Submission: Complete your solutions in the
provided R Markdown file, named
midterm-<your-name>.Rmd (replace
<your-name>). Submit both the .Rmd and
the HTML/PDF by the deadline.
Permitted Resources: You may use R help, class
materials, your own previous code, and the following packages:
tidyverse, openintro,
nycflights13 (and dependencies). No Internet
search, AI tools, or outside communication (except with the instructor)
allowed.
Late Policy: No late submissions.
Code Requirements: Use only the allowed packages. For each question, include relevant code and concise written answers. Use graphs/tables as instructed.
Graph Formatting: Polish your graphs.
You should use codes, graphs or results to answer each question unless noted otherwise.

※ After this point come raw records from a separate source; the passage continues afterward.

(* Let $m$ be a positive integer and $e$ an integer with $1<e<3^m-1$. If $x^e$ is APN over $\mathrm{GF}(3^m)$, then the ternary cyclic code $\mathcal{C}_{(1,e)}$ has parameters $[3^m-1,\,3^m-1-2m,\,4]$.
   Context: Let $q=3^m$, $n=q-1$, $\alpha$ a generator of $\mathrm{GF}(q)^*$, and $m_a(x)$ the minimal polynomial of $a\in\mathrm{GF}(q)$ over $\mathrm{GF}(3)$. $C_j$ denotes the $3$-cyclotomic coset modulo $n$ containing $j$, i.e. $\{j,3j,3^2j,\dots\}$ mod $n$. For $1<e<q-1$ with $e\notin C_1$, $\mathcal{C}_{(1,e)}$ is the cyclic code of length $n$ over $\mathrm{GF}(3)$ with generator polynomial $m_\alpha(x)m_{\alpha^e}(x)$ (when $x^e$ is APN one has $e\notin C_1$). A function $f$ on $\mathrm{GF}(q)$ is APN if $\max_{a\in\mathrm{GF}(q)^*}\max_{b\in\mathrm{GF}(q)}|\{x\in\mathrm{GF}(q): f(x+a)-f(x)=b\}|=2$. *)

theory Defs
  imports "HOL-Computational_Algebra.Polynomial"
begin

text \<open>GF(3) viewed as the prime subfield of a field of characteristic 3:
  the roots of x^3 - x.\<close>
definition gf3 :: "'a::field set" where
  "gf3 = {x. x ^ 3 = x}"

definition min_poly3 :: "'a::field \<Rightarrow> 'a poly" where
  "min_poly3 a = (THE p. lead_coeff p = 1 \<and> set (coeffs p) \<subseteq> gf3 \<and> poly p a = 0 \<and>
      (\<forall>q. q \<noteq> 0 \<and> set (coeffs q) \<subseteq> gf3 \<and> poly q a = 0 \<longrightarrow> degree p \<le> degree q))"

definition cyclic_code :: "nat \<Rightarrow> 'a::field poly \<Rightarrow> 'a poly set" where
  "cyclic_code n g = {c. set (coeffs c) \<subseteq> gf3 \<and> degree c < n \<and> g dvd c}"

definition hamming_wt :: "'a::zero poly \<Rightarrow> nat" where
  "hamming_wt c = card {i. coeff c i \<noteq> 0}"

definition code_1e :: "nat \<Rightarrow> 'a::field \<Rightarrow> nat \<Rightarrow> 'a poly set" where
  "code_1e n \<alpha> e = cyclic_code n (min_poly3 \<alpha> * min_poly3 (\<alpha> ^ e))"

definition APN :: "('a::{field,finite} \<Rightarrow> 'a) \<Rightarrow> bool" where
  "APN f \<longleftrightarrow> Max {card {x. f (x + a) - f x = b} | a b. a \<noteq> 0} = 2"

definition has_params :: "'a::field poly set \<Rightarrow> nat \<Rightarrow> nat \<Rightarrow> nat \<Rightarrow> bool" where
  "has_params C n k d \<longleftrightarrow> (\<forall>c\<in>C. degree c < n \<and> set (coeffs c) \<subseteq> gf3) \<and>
     card C = 3 ^ k \<and> d = Min {hamming_wt c | c. c \<in> C \<and> c \<noteq> 0}"

end

theory Submission
  imports Defs "HOL-Number_Theory.Residues" "HOL-Library.FuncSet"
begin

text \<open>
  The code consists of the polynomials over GF(3) of degree below \<open>n = 3\<^sup>m - 1\<close> that vanish at
  \<open>\<alpha>\<close> and \<open>\<alpha>\<^sup>e\<close>; its generator is the product of \<open>X - \<gamma>\<close> over the Frobenius conjugates \<open>\<gamma>\<close> of
  both. If \<open>x\<^sup>e\<close> is APN, both conjugacy classes have \<open>m\<close> elements (otherwise all values of the
  derivative \<open>(x + 1)\<^sup>e - x\<^sup>e\<close> would lie in a proper subfield, which is too small to receive each
  value at most twice) and they are disjoint (otherwise \<open>x\<^sup>e\<close> would be additive), so the
  dimension is \<open>n - 2m\<close>.

  A nonzero codeword of weight at most 3 is a relation \<open>\<Sum> u\<^sub>i x\<^sub>i = 0 = \<Sum> u\<^sub>i x\<^sub>i\<^sup>e\<close> with signs
  \<open>u\<^sub>i = \<plusminus>1\<close> between at most three distinct nonzero \<open>x\<^sub>i\<close>; in characteristic 3 every such
  relation yields three solutions of one equation \<open>(x + a)\<^sup>e - x\<^sup>e = b\<close>. Conversely, an equation
  with exactly two solutions \<open>t\<^sub>1, t\<^sub>2\<close> gives the weight-4 relation
  \<open>(t\<^sub>1 + a) + t\<^sub>2 = (t\<^sub>2 + a) + t\<^sub>1\<close>, which also holds for the \<open>e\<close>-th powers.
\<close>

(* HOL-Algebra, imported with Residues for CHAR_dvd_CARD, would otherwise shadow these. *)
hide_const (open) up_ring.coeff up_ring.monom

section \<open>Fields of characteristic 3\<close>

lemma finite_field_nonzero_power_card:
  fixes x :: "'a::{field,finite}"
  assumes "x \<noteq> 0"
  shows "x ^ (card (UNIV :: 'a set) - 1) = 1"
proof -
  let ?U = "UNIV - {0::'a}"
  have "(\<Prod>y\<in>?U. x * y) = (\<Prod>y\<in>?U. y)"
    by (rule prod.reindex_bij_witness[of _ "\<lambda>y. y / x" "\<lambda>y. x * y"]) (use assms in auto)
  moreover have "(\<Prod>y\<in>?U. x * y) = x ^ card ?U * (\<Prod>y\<in>?U. y)"
    by (simp add: prod.distrib)
  moreover have "card ?U = card (UNIV :: 'a set) - 1"
    by (simp add: card_Diff_singleton)
  moreover have "(\<Prod>y\<in>?U. y) \<noteq> 0"
    by simp
  ultimately show ?thesis
    by (metis mult_cancel_right2)
qed

lemma finite_field_power_card:
  fixes x :: "'a::{field,finite}"
  shows "x ^ card (UNIV :: 'a set) = x"
proof (cases "x = 0")
  case False
  have "card (UNIV :: 'a set) = Suc (card (UNIV :: 'a set) - 1)"
    using finite_UNIV_card_ge_0[where 'a = 'a] by simp
  then have "x ^ card (UNIV :: 'a set) = x * x ^ (card (UNIV :: 'a set) - 1)"
    by (metis power_Suc)
  then show ?thesis
    using finite_field_nonzero_power_card[OF False] by simp
qed (use finite_UNIV_card_ge_0[where 'a = 'a] in simp)

lemma finite_field_power_card_power:
  fixes x :: "'a::{field,finite}"
  shows "x ^ card (UNIV :: 'a set) ^ k = x"
proof (induction k)
  case (Suc k)
  then show ?case
    by (simp only: power_Suc2 power_mult finite_field_power_card)
qed simp

lemma CHAR_eq_3_if_card:
  assumes "card (UNIV :: 'a::{field,finite} set) = 3 ^ m"
  shows "CHAR('a) = 3"
proof -
  have prime: "prime CHAR('a)"
    using prime_CHAR_semidom[where 'a = 'a] finite_imp_CHAR_pos[where 'a = 'a] by auto
  moreover have "CHAR('a) dvd 3 ^ m"
    using CHAR_dvd_CARD[where 'a = 'a] assms by simp
  ultimately have "CHAR('a) dvd 3"
    using prime_dvd_power by blast
  with prime show ?thesis
    using primes_dvd_imp_eq[of "CHAR('a)" 3] by simp
qed

context
  assumes char3: "CHAR('a::field) = 3"
begin

lemma char3_three_eq_0: "(3::'a) = 0"
  using of_nat_CHAR[where 'a = 'a] char3 by simp

lemma char3_two_eq: "(2::'a) = -1"
  using char3_three_eq_0 by (simp add: eq_neg_iff_add_eq_0)

lemma char3_double: "(x::'a) + x = - x"
  using char3_two_eq by (metis mult_2 mult_minus1)

lemma char3_double_eq_0_iff: "(x::'a) + x = 0 \<longleftrightarrow> x = 0"
  by (simp add: char3_double)

lemma char3_one_neq_minus_one: "(1::'a) \<noteq> -1"
  using char3_double_eq_0_iff[of 1] by (simp add: eq_neg_iff_add_eq_0)

lemma char3_add_power: "(x + y :: 'a) ^ 3 ^ t = x ^ 3 ^ t + y ^ 3 ^ t"
  by (rule freshmans_dream') (simp_all add: char3)

lemma char3_diff_power: "(x - y :: 'a) ^ 3 ^ t = x ^ 3 ^ t - y ^ 3 ^ t"
  using char3_add_power[of x "- y" t] by (simp add: power_minus_odd)

lemma char3_sum_power: "(\<Sum>i\<in>A. f i :: 'a) ^ 3 ^ t = (\<Sum>i\<in>A. f i ^ 3 ^ t)"
  by (rule freshmans_dream_sum') (simp_all add: char3)

lemma char3_power_inj: "(x::'a) ^ 3 ^ t = y ^ 3 ^ t \<Longrightarrow> x = y"
  using char3_diff_power[of x y t] by simp

lemma char3_inj_on_cube: "inj_on (\<lambda>x::'a. x ^ 3) A"
  using char3_power_inj[where t = 1] by (auto intro: inj_onI)

end

lemma gf3_iff: "(x::'a::field) \<in> gf3 \<longleftrightarrow> x = 0 \<or> x = 1 \<or> x = -1"
proof -
  have "x ^ 3 - x = x * (x - 1) * (x + 1)"
    by (simp add: algebra_simps power3_eq_cube)
  then have "x ^ 3 = x \<longleftrightarrow> x * (x - 1) * (x + 1) = 0"
    by (metis eq_iff_diff_eq_0)
  then show ?thesis
    unfolding gf3_def by (simp add: eq_neg_iff_add_eq_0)
qed

lemma gf3_power: "(c::'a::field) \<in> gf3 \<Longrightarrow> c ^ 3 ^ t = c"
  by (induction t) (simp_all add: gf3_def power_mult flip: power_Suc2)

lemma card_gf3:
  assumes "CHAR('a::field) = 3"
  shows "card (gf3 :: 'a set) = 3"
proof -
  have "(gf3 :: 'a set) = {0, 1, -1}"
    using gf3_iff by auto
  moreover have "card {0::'a, 1, -1} = 3"
    using char3_one_neq_minus_one[OF assms] by simp
  ultimately show ?thesis
    by simp
qed

lemma card_power_fixed_le:
  assumes "1 < n"
  shows "card {y::'a::idom. y ^ n = y} \<le> n"
proof -
  define p :: "'a poly" where "p = monom 1 n - monom 1 1"
  have "coeff p n = 1"
    using assms by (simp add: p_def coeff_monom)
  then have "p \<noteq> 0"
    by auto
  have "degree p \<le> n"
    unfolding p_def using assms by (intro degree_diff_le) (simp_all add: degree_monom_eq)
  have "{y. y ^ n = y} = {y. poly p y = 0}"
    by (simp add: p_def poly_monom)
  then show ?thesis
    using card_poly_roots_bound[OF \<open>p \<noteq> 0\<close>] \<open>degree p \<le> n\<close> by simp
qed

lemma char3_card_ge_3:
  assumes "CHAR('a::{field,finite}) = 3"
  shows "3 \<le> card (UNIV :: 'a set)"
  using card_mono[of UNIV "{0::'a, 1, -1}"] char3_one_neq_minus_one[OF assms] by simp

section \<open>APN functions\<close>

definition diff_fiber :: "('a::ab_group_add \<Rightarrow> 'a) \<Rightarrow> 'a \<Rightarrow> 'a \<Rightarrow> 'a set" where
  "diff_fiber f a b = {x. f (x + a) - f x = b}"

lemma APN_iff_Max_diff_fiber:
  "APN f \<longleftrightarrow> Max {card (diff_fiber f a b) | a b. a \<noteq> 0} = 2"
  unfolding APN_def diff_fiber_def ..

context
  fixes f :: "'a::{field,finite} \<Rightarrow> 'a"
  assumes APN: "APN f"
begin

private lemma finite_fiber_cards: "finite {card (diff_fiber f a b) | a b. a \<noteq> 0}"
  using finite_image_set2[of "\<lambda>a. a \<noteq> 0" "\<lambda>_. True" "\<lambda>a b. card (diff_fiber f a b)"]
  by simp

lemma APN_card_diff_fiber_le: "a \<noteq> 0 \<Longrightarrow> card (diff_fiber f a b) \<le> 2"
  using Max_ge[OF finite_fiber_cards, of "card (diff_fiber f a b)"] APN
  unfolding APN_iff_Max_diff_fiber by auto

lemma APN_card_diff_fiber_eq_2: "\<exists>a b. a \<noteq> 0 \<and> card (diff_fiber f a b) = 2"
proof -
  have "card (diff_fiber f 1 0) \<in> {card (diff_fiber f a b) | a b. a \<noteq> 0}"
    by auto
  then have "{card (diff_fiber f a b) | a b. a \<noteq> 0} \<noteq> {}"
    by blast
  from Max_in[OF finite_fiber_cards this] APN show ?thesis
    unfolding APN_iff_Max_diff_fiber by auto
qed

lemma APN_no_three_in_diff_fiber:
  assumes "a \<noteq> 0" and "x \<in> diff_fiber f a b" "y \<in> diff_fiber f a b" "z \<in> diff_fiber f a b"
  shows "x = y \<or> y = z \<or> x = z"
proof (rule ccontr)
  assume "\<not> ?thesis"
  then have "card {x, y, z} = 3"
    by auto
  moreover have "card {x, y, z} \<le> card (diff_fiber f a b)"
    using assms by (intro card_mono) auto
  ultimately show False
    using APN_card_diff_fiber_le[OF assms(1), of b] by simp
qed

lemma APN_card_le_range_derivative:
  assumes "a \<noteq> 0"
  shows "card (UNIV :: 'a set) \<le> 2 * card (range (\<lambda>x. f (x + a) - f x))"
proof -
  let ?R = "range (\<lambda>x. f (x + a) - f x)"
  have "(UNIV :: 'a set) = (\<Union>b\<in>?R. diff_fiber f a b)"
    by (auto simp: diff_fiber_def)
  then have "card (UNIV :: 'a set) \<le> (\<Sum>b\<in>?R. card (diff_fiber f a b))"
    by (metis card_UN_le finite)
  also have "\<dots> \<le> card ?R * 2"
    using sum_bounded_above[of ?R "\<lambda>b. card (diff_fiber f a b)" 2]
      APN_card_diff_fiber_le[OF assms] by simp
  finally show ?thesis
    by simp
qed

lemma APN_not_additive_function:
  assumes "\<And>x y. f (x + y) = f x + f y"
  shows "card (UNIV :: 'a set) \<le> 2"
proof -
  have "range (\<lambda>x. f (x + 1) - f x) = {f 1}"
    using assms by auto
  then show ?thesis
    using APN_card_le_range_derivative[of 1] by simp
qed

end

context
  fixes f :: "'a::{field,finite} \<Rightarrow> 'a"
  assumes APN: "APN f" and char3: "CHAR('a) = 3"
begin

lemma APN_char3_no_zero_sum_triple:
  assumes "x \<noteq> y" "y \<noteq> z" "x \<noteq> z" and "x + y + z = 0" and "f x + f y + f z = 0"
  shows False
proof -
  have three: "(3::'a) = 0"
    by (rule char3_three_eq_0[OF char3])
  define a where "a = y - x"
  define b where "b = f y - f x"
  have "y + a - z = 3 * y - (x + y + z)" "z + a - x = - 3 * x + (x + y + z)"
    by (simp_all add: a_def algebra_simps)
  then have shift: "y + a = z" "z + a = x"
    using assms(4) three by simp_all
  have "f z - f y - b = - 3 * f y + (f x + f y + f z)" "f x - f z - b = 3 * f x - (f x + f y + f z)"
    by (simp_all add: b_def algebra_simps)
  then have "f (y + a) - f y = b" "f (z + a) - f z = b"
    using assms(5) three by (simp_all add: shift)
  then have "x \<in> diff_fiber f a b" "y \<in> diff_fiber f a b" "z \<in> diff_fiber f a b"
    by (simp_all add: diff_fiber_def a_def b_def)
  moreover have "a \<noteq> 0"
    using assms(1) by (simp add: a_def)
  ultimately show False
    using APN_no_three_in_diff_fiber[OF APN] assms(1-3) by blast
qed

mpg data setAfter loading tidyverse library, a data set named
mpg should be ready to explore. The following questions are
based on this data set.
Create a new variable mpg_overall which is the
average of city and highway fuel consumption in miles per gallon. Then
create a histogram of this new variable with each group covering values
of 20-22, 22-24 etc.
Create a graph to study the relationship between drive train
types and mpg_overall.
Create a table to find out which car class has the highest mean
mpg_overall.
Create a proper graph to study the composite effect of
year and cyl to mpg_overall. You
shall treat year and cyl as categorical
variables in your graph.
flights data setFor the following tasks, use data set flights of the
nycflights13 package.
For JFK airport, which day in November 2013 has the biggest average arrival delay? Create a table to answer the question.
Create a new variable cancel_flight which is
Cancelled if the departure time or arrival time is
NA, otherwise Not Cancelled.
Create a density graph that compares the distribution of
distance between cancelled flights and non-cancelled
flights.
How many unique flight routes are there in the data set? That is, each unique combination of an origin airport and a destination airport (such as from EWR to ORD) is considered as a route. Create a table to answer the question.
Add distance as a column to the table you created in
d). Hint: You should go back to the original flights data
set and reconstruct the table with distance included. Create a histogram
of distance for the route table.
Which route has the highest rate of flight cancellation? Create a table to answer the question.
flights data setThe following questions are also from flights data set.
Each question is worth 5% bonus points if answered correctly.
Create a proper graph to show the rate of cancellation flights for each airline. Answer which airline has the lowest rate of cancellation.
If multiple airlines run the same route, they can be considered as competitors. Which route is most competitive (has the most number of carriers)? List all of them in a table.